On Wednesday, 13 March 2013 at 21:33:47 UTC, H. S. Teoh wrote:
On Wed, Mar 13, 2013 at 10:20:53PM +0100, John Colvin wrote:
On Wednesday, 13 March 2013 at 21:07:18 UTC, H. S. Teoh wrote:
>On Wed, Mar 13, 2013 at 09:59:33PM +0100, John Colvin wrote:
>>On Wednesday, 13 March 2013 at 20:46:35 UTC, Timon Gehr >>wrote:
>[...]
>>>Then what's the meaning of
>>>
>>>int[3][3] x = [1,2,3];
>>>
>>>Is it
>>>
>>>int[3][3] x = [[1,2,3],[1,2,3],[1,2,3]];
>>>
>>>or
>>>
>>>int[3][3] x = [[1,1,1],[2,2,2],[3,3,3]];
>>
>>the former, clearly. It directly follows from
>>
>>int[3] a = 1;
>>
>>Every element of the array is initialised to the value >>given. x is >>an array of arrays and hence each "element-array" is >>initialised to
>>the array on the right hand side.
>
>I don't like this. It adds a lot of parsing complexities just >for >some syntactic sugar with no clear benefits beyond being >easier to
>type. Why not just use the existing array operations syntax?
>
>    int[3] a;
>    a[] = 1;        // makes intent clear
>
>    int[3][3] b;
>    b[] = [1, 2, 3]; // fits into current syntax already
[...]
This is supposed to be static initialisation, which is different,
no?

Hmm.
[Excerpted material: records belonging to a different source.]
text \<open>The quantifiers range over the whole type, so this is meant for structures with carrier
  \<open>UNIV\<close>.\<close>

definition definable_cuts_have_max :: "'a lstruct \<Rightarrow> bool" where
  "definable_cuts_have_max M \<longleftrightarrow>
     (\<forall>\<phi> v e a b. (\<forall>y. lt M y a \<longrightarrow> sat M (e(v := y)) \<phi>) \<and> \<not> sat M (e(v := b)) \<phi> \<longrightarrow>
        (\<exists>m. (\<forall>y. lt M y m \<longrightarrow> sat M (e(v := y)) \<phi>) \<and>
             (\<forall>x. (\<forall>y. lt M y x \<longrightarrow> sat M (e(v := y)) \<phi>) \<longrightarrow> \<not> lt M m x)))"

lemma definable_cuts_have_max_Qn: "definable_cuts_have_max (Qn n)"
  unfolding definable_cuts_have_max_def
proof (intro allI impI, elim conjE)
  fix \<phi> v e a b
  assume "\<forall>y. lt (Qn n) y a \<longrightarrow> sat (Qn n) (e(v := y)) \<phi>" "\<not> sat (Qn n) (e(v := b)) \<phi>"
  moreover obtain L where "\<forall>\<alpha>\<in>set L. affine \<alpha>" "sign_invariant L (\<lambda>e. sat (Qn n) e \<phi>)"
    using semilinear_sat_Qn unfolding semilinear_def by blast
  then have "cut_invariant ((\<lambda>\<alpha>. zero_crossing v \<alpha> e) ` set L)
      (\<lambda>x. sat (Qn n) (e(v := x)) \<phi>)"
    by (rule cut_invariant_zero_crossings)
  ultimately show "\<exists>m. (\<forall>y. lt (Qn n) y m \<longrightarrow> sat (Qn n) (e(v := y)) \<phi>) \<and>
      (\<forall>x. (\<forall>y. lt (Qn n) y x \<longrightarrow> sat (Qn n) (e(v := y)) \<phi>) \<longrightarrow> \<not> lt (Qn n) m x)"
    using cut_invariant_initial_segment_max[OF finite_imageI[OF finite_set]]
    by (simp add: not_less)
qed
(* Let $\rho\in(0,1)$, $\gamma>0$, $\lambda>0$, and let $$A_{\rho}(\lambda,t)=\frac{\gamma}{\pi}\int_0^{\infty}e^{-rt}\frac{\lambda^2r^{\rho-1}\sin\rho\pi}{(-r+\lambda\gamma r^{\rho}\cos\rho\pi+\lambda)^2+(\lambda\gamma r^{\rho}\sin\rho\pi)^2}dr$$ (the solution of $y'+\lambda(1+\gamma D_t^{\rho})y=0$, $y(0)=1$, with $D_t^\rho$ the Caputo derivative). Then (1) $A_{\rho}(\lambda,0)=1$ and $0<A_{\rho}(\lambda,t)<1$ for $t>0$; (2) $D_tA_{\rho}(\lambda,t)<0$ (for $t>0$).
   Context: $D_t=d/dt$; the Caputo derivative of order $\rho$ is $D_t^{\rho}y(t)=\frac{1}{\Gamma(1-\rho)}\int_0^t\frac{y'(\xi)}{(t-\xi)^{\rho}}d\xi$. *)

theory Defs
  imports "HOL-Analysis.Analysis"
begin

definition A_rho :: "real \<Rightarrow> real \<Rightarrow> real \<Rightarrow> real \<Rightarrow> real" where
  "A_rho \<rho> \<gamma> lam t =
     \<gamma> / pi * (LBINT r:{0<..}.
        exp (- r * t) * (lam\<^sup>2 * r powr (\<rho> - 1) * sin (\<rho> * pi)) /
        ((- r + lam * \<gamma> * r powr \<rho> * cos (\<rho> * pi) + lam)\<^sup>2
          + (lam * \<gamma> * r powr \<rho> * sin (\<rho> * pi))\<^sup>2))"

end

theory Submission
  imports Defs "HOL-Complex_Analysis.Complex_Analysis" "HOL-Real_Asymp.Real_Asymp"
begin

(* With a = lam and b = lam * gamma, the integrand of A_rho is (lam / gamma) exp (- r t) phi r, where
   phi = spectral_density rho a b is the imaginary part of H (- r) for H z = 1 / (z (z + a + b z^rho)),
   with the branch of z^rho cut along the negative imaginary axis.  On the closed upper half-plane
   minus 0 the denominator does not vanish (its imaginary part is positive off the positive axis),
   so H is holomorphic there; it is real on the positive axis, equals 1 / (a z) + O(|z|^(rho - 1))
   near 0 and is O(|z|^-2) at infinity.  Cauchy's theorem on the rectangle [-R, R] x [0, R],
   indented at 0, therefore gives int_0^oo phi = pi / a, i.e. A_rho lam 0 = 1.  As phi > 0, A_rho lam
   is the Laplace transform of a positive integrable function: it is positive, strictly below its
   value at t = 0, and has the negative derivative - (gamma / pi) int_0^oo r exp (- r t) phi r dr. *)

section \<open>Integrals over the positive half-line\<close>

lemma set_integral_pos:
  fixes f :: "real \<Rightarrow> real"
  assumes f: "set_integrable lborel A f" and A: "A \<in> sets lborel" "emeasure lborel A \<noteq> 0"
    and pos: "\<And>x. x \<in> A \<Longrightarrow> 0 < f x"
  shows "0 < (LBINT x:A. f x)"
proof -
  let ?g = "\<lambda>x. indicator A x * f x"
  have nonneg: "AE x in lborel. 0 \<le> ?g x"
    using pos by (auto simp: indicator_def less_imp_le)
  have "integral\<^sup>L lborel ?g \<noteq> 0"
  proof
    assume "integral\<^sup>L lborel ?g = 0"
    then have "AE x in lborel. ?g x = 0"
      using integral_nonneg_eq_0_iff_AE[OF _ nonneg] f by (simp add: set_integrable_def)
    then have "AE x in lborel. x \<notin> A"
      by eventually_elim (use pos in \<open>force simp: indicator_def\<close>)
    then show False
      using A AE_iff_measurable[of A lborel "\<lambda>x. x \<notin> A"] by simp
  qed
  then show ?thesis
    using integral_nonneg_AE[OF nonneg] by (simp add: set_lebesgue_integral_def)
qed

lemma set_integrable_bounded_weight:
  fixes f w :: "real \<Rightarrow> real"
  assumes f: "set_integrable lborel A f" and w: "w \<in> borel_measurable lborel"
    and bound: "\<And>x. x \<in> A \<Longrightarrow> \<bar>w x\<bar> \<le> C"
  shows "set_integrable lborel A (\<lambda>x. w x * f x)"
proof (rule set_integrable_bound[where f = "\<lambda>x. C * f x"])
  show "set_integrable lborel A (\<lambda>x. C * f x)"
    using f by (rule set_integrable_mult_right)
  have "(\<lambda>x. indicator A x * f x) \<in> borel_measurable lborel"
    using f by (simp add: set_integrable_def borel_measurable_integrable)
  then have "(\<lambda>x. w x * (indicator A x * f x)) \<in> borel_measurable lborel"
    using w by measurable
  then show "set_borel_measurable lborel A (\<lambda>x. w x * f x)"
    by (simp add: set_borel_measurable_def mult.left_commute)
  show "AE x in lborel. x \<in> A \<longrightarrow> norm (w x * f x) \<le> norm (C * f x)"
    using bound order_trans[OF abs_ge_zero bound]
    by (auto simp: abs_mult intro!: mult_right_mono)
qed

lemma tendsto_indicator_Icc_exhaustion:
  "(\<lambda>n. indicator {1 / real (Suc n)..real (Suc n)} x :: real) \<longlonglongrightarrow> indicator {0<..} x"
proof (cases "0 < x")
  case True
  have "eventually (\<lambda>n. 1 / real (Suc n) \<le> x) sequentially"
    using order_tendstoD(2)[OF LIMSEQ_inverse_real_of_nat True]
    by eventually_elim (simp add: inverse_eq_divide)
  moreover have "eventually (\<lambda>n. x \<le> real (Suc n)) sequentially"
    using eventually_ge_at_top[of "nat \<lceil>x\<rceil>"] by eventually_elim linarith
  ultimately have "eventually (\<lambda>n. indicator {1 / real (Suc n)..real (Suc n)} x = (1 :: real)) sequentially"
    by eventually_elim simp
  with True show ?thesis
    by (simp add: tendsto_eventually)
next
  case False
  then have "x \<notin> {1 / real (Suc n)..real (Suc n)}" for n
    using less_le_trans[of 0 "1 / real (Suc n)" x] by auto
  with False show ?thesis
    by simp
qed

lemma set_integral_Ioi_nonneg_limit:
  fixes f :: "real \<Rightarrow> real"
  assumes f: "continuous_on {0<..} f" "\<And>x. 0 < x \<Longrightarrow> 0 \<le> f x"
    and lim: "(\<lambda>n. integral {1 / real (Suc n)..real (Suc n)} f) \<longlonglongrightarrow> I"
  shows "set_integrable lborel {0<..} f" and "(LBINT x:{0<..}. f x) = I"
proof -
  define K where "K n = {1 / real (Suc n)..real (Suc n)}" for n
  define g where "g = (\<lambda>n x. indicator (K n) x * f x)"
  have K: "K n \<subseteq> {0<..}" for n
    by (auto simp: K_def intro: less_le_trans[of 0 "1 / real (Suc n)"])
  have K_mono: "K m \<subseteq> K n" if "m \<le> n" for m n
    using that by (auto simp: K_def field_simps intro: order.trans)
  have K_int: "set_integrable lborel (K n) f" for n
    unfolding K_def by (rule borel_integrable_atLeastAtMost'[OF continuous_on_subset[OF f(1)]])
      (use K[of n] in \<open>simp add: K_def\<close>)
  have g_int: "integrable lborel (g n)" for n
    using K_int by (simp add: g_def set_integrable_def)
  have g_integral: "integral\<^sup>L lborel (g n) = integral (K n) f" for n
    using set_borel_integral_eq_integral(2)[OF K_int] by (simp add: g_def set_lebesgue_integral_def)
  have g_nonneg: "0 \<le> g n x" for n x
    using K f(2) by (auto simp: g_def indicator_def)
  have "g m x \<le> g n x" if "m \<le> n" for m n x
    using K_mono[OF that] g_nonneg[of n x] by (cases "x \<in> K m") (auto simp: g_def)
  then have "AE x in lborel. mono (\<lambda>n. g n x)"
    by (intro AE_I2 monoI)
  moreover have "AE x in lborel. (\<lambda>n. g n x) \<longlonglongrightarrow> indicator {0<..} x * f x"
    unfolding g_def K_def by (intro AE_I2 tendsto_mult_right tendsto_indicator_Icc_exhaustion)
  moreover have "(\<lambda>n. integral\<^sup>L lborel (g n)) \<longlonglongrightarrow> I"
    using lim g_integral by (simp add: K_def)
  moreover have "(\<lambda>x. indicator {0<..} x * f x) \<in> borel_measurable lborel"
    using borel_measurable_continuous_on_indicator[OF _ f(1)] by simp
  ultimately have "integrable lborel (\<lambda>x. indicator {0<..} x * f x)"
      "integral\<^sup>L lborel (\<lambda>x. indicator {0<..} x * f x) = I"
    by (rule integral_monotone_convergence_nonneg[OF g_int _ AE_I2[OF g_nonneg]])+
  then show "set_integrable lborel {0<..} f" "(LBINT x:{0<..}. f x) = I"
    by (simp_all add: set_integrable_def set_lebesgue_integral_def)
qed

lemma set_integral_Ioi_pos:
  fixes g :: "real \<Rightarrow> real"
  assumes "set_integrable lborel {0<..} g" "\<And>r. 0 < r \<Longrightarrow> 0 < g r"
  shows "0 < (LBINT r:{0<..}. g r)"
proof (rule set_integral_pos[OF assms(1)])
  have "{0<..<1} \<subseteq> {0::real<..}"
    by auto
  then have "emeasure lborel {0::real<..<1} \<le> emeasure lborel {0::real<..}"
    by (rule emeasure_mono) simp
  then show "emeasure lborel {0::real<..} \<noteq> 0"
    by auto
qed (use assms(2) in auto)

section \<open>Laplace transforms\<close>

definition laplace_transform :: "(real \<Rightarrow> real) \<Rightarrow> real \<Rightarrow> real" where
  "laplace_transform f s = (LBINT r:{0<..}. exp (- r * s) * f r)"

lemma abs_exp_minus_one_minus_le: "\<bar>exp x - 1 - x\<bar> \<le> x\<^sup>2 * exp \<bar>x\<bar>" for x :: real
proof -
  obtain \<xi> where \<xi>: "\<bar>\<xi>\<bar> \<le> \<bar>x\<bar>" "exp x = (\<Sum>m<2. x ^ m / fact m) + exp \<xi> / fact 2 * x ^ 2"
    using Maclaurin_exp_le[of x 2] by blast
  then have "\<bar>exp x - 1 - x\<bar> = exp \<xi> / 2 * x\<^sup>2"
    by (simp add: numeral_2_eq_2)
  also have "\<dots> \<le> exp \<bar>x\<bar> * x\<^sup>2"
  proof -
    have "exp \<xi> \<le> exp \<bar>x\<bar>"
      using \<xi>(1) by (simp add: order_trans[OF abs_ge_self])
    then have "exp \<xi> / 2 \<le> exp \<bar>x\<bar>"
      using exp_gt_zero[of \<xi>] by linarith
    then show ?thesis
      by (rule mult_right_mono) simp
  qed
  finally show ?thesis
    by (simp add: mult.commute)
qed

lemma mult_exp_minus_le:
  fixes r s :: real
  assumes "0 < s" "0 \<le> r"
  shows "r * exp (- r * s) \<le> 1 / s" and "r\<^sup>2 * exp (- r * s) \<le> 4 / s\<^sup>2"
proof -
  have linear: "r * exp (- r * \<sigma>) \<le> 1 / \<sigma>" if "0 < \<sigma>" for \<sigma>
  proof -
    have "r * \<sigma> \<le> exp (r * \<sigma>)"
      using exp_ge_add_one_self[of "r * \<sigma>"] by linarith
    then have "r * \<sigma> * exp (- r * \<sigma>) \<le> exp (r * \<sigma>) * exp (- r * \<sigma>)"
      by (intro mult_right_mono) auto
    then show ?thesis
      using that by (simp add: field_simps flip: exp_add)
  qed
  then show "r * exp (- r * s) \<le> 1 / s"
    using assms(1) .
  have "(r * exp (- r * (s / 2)))\<^sup>2 \<le> (2 / s)\<^sup>2"
    using linear[of "s / 2"] assms by (intro power_mono) auto
  moreover have "(r * exp (- r * (s / 2)))\<^sup>2 = r\<^sup>2 * exp (- r * s)"
    by (simp add: power2_eq_square algebra_simps flip: exp_add)
  ultimately show "r\<^sup>2 * exp (- r * s) \<le> 4 / s\<^sup>2"
    by (simp add: power_divide)
qed

lemma exp_difference_quotient_le:
  fixes r t h :: real
  assumes "0 \<le> r" "h \<noteq> 0" "\<bar>h\<bar> \<le> t / 2"
  shows "\<bar>(exp (- r * (t + h)) - exp (- r * t)) / h + r * exp (- r * t)\<bar>
    \<le> \<bar>h\<bar> * (r\<^sup>2 * exp (- r * (t / 2)))"
proof -
  have "(exp (- r * (t + h)) - exp (- r * t)) / h + r * exp (- r * t)
      = exp (- r * t) * (exp (- r * h) - 1 - (- r * h)) / h"
    using assms(2) by (simp add: field_simps distrib_left flip: exp_add)
  then have "\<bar>(exp (- r * (t + h)) - exp (- r * t)) / h + r * exp (- r * t)\<bar>
      = exp (- r * t) * \<bar>exp (- r * h) - 1 - (- r * h)\<bar> / \<bar>h\<bar>"
    by (simp add: abs_mult)
  also have "\<dots> \<le> exp (- r * t) * ((r * h)\<^sup>2 * exp (r * \<bar>h\<bar>)) / \<bar>h\<bar>"
    using abs_exp_minus_one_minus_le[of "- r * h"] assms(1)
    by (intro divide_right_mono mult_left_mono) (auto simp: abs_mult power2_eq_square)
  also have "\<dots> = \<bar>h\<bar> * (r\<^sup>2 * (exp (- r * t) * exp (r * \<bar>h\<bar>)))"
    using assms(2) by (simp add: power2_eq_square field_simps abs_mult_self_eq)
  also have "\<dots> \<le> \<bar>h\<bar> * (r\<^sup>2 * exp (- r * (t / 2)))"
  proof -
    have "r * \<bar>h\<bar> \<le> r * (t / 2)"
      using assms by (intro mult_left_mono) auto
    then have "exp (- r * t) * exp (r * \<bar>h\<bar>) \<le> exp (- r * (t / 2))"
      by (simp add: mult_exp_exp)
    then show ?thesis
      by (intro mult_left_mono) auto
  qed
  finally show ?thesis .
qed

context
  fixes f :: "real \<Rightarrow> real"
  assumes f: "set_integrable lborel {0<..} f"
begin

lemma set_integrable_laplace_transform:
  assumes "0 \<le> s"
  shows "set_integrable lborel {0<..} (\<lambda>r. exp (- r * s) * f r)"
  by (rule set_integrable_bounded_weight[OF f, where C = 1]) (use assms in auto)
In that case, what about a syntax adapted from the current array
ops?

        int[3] a[] = 1;

But the problem is that it's ambiguous with the current specs that
interprets this as int[3][] a = 1.

Why is it bad to have to explicitly list the elements for static
initialization?


T

I would be great if we could get rid of post-fix array declarations for good, but I'm not sure how realistic that is.


It's bad to have to explicitly list them because there could be hundreds, thousands or even millions of elements.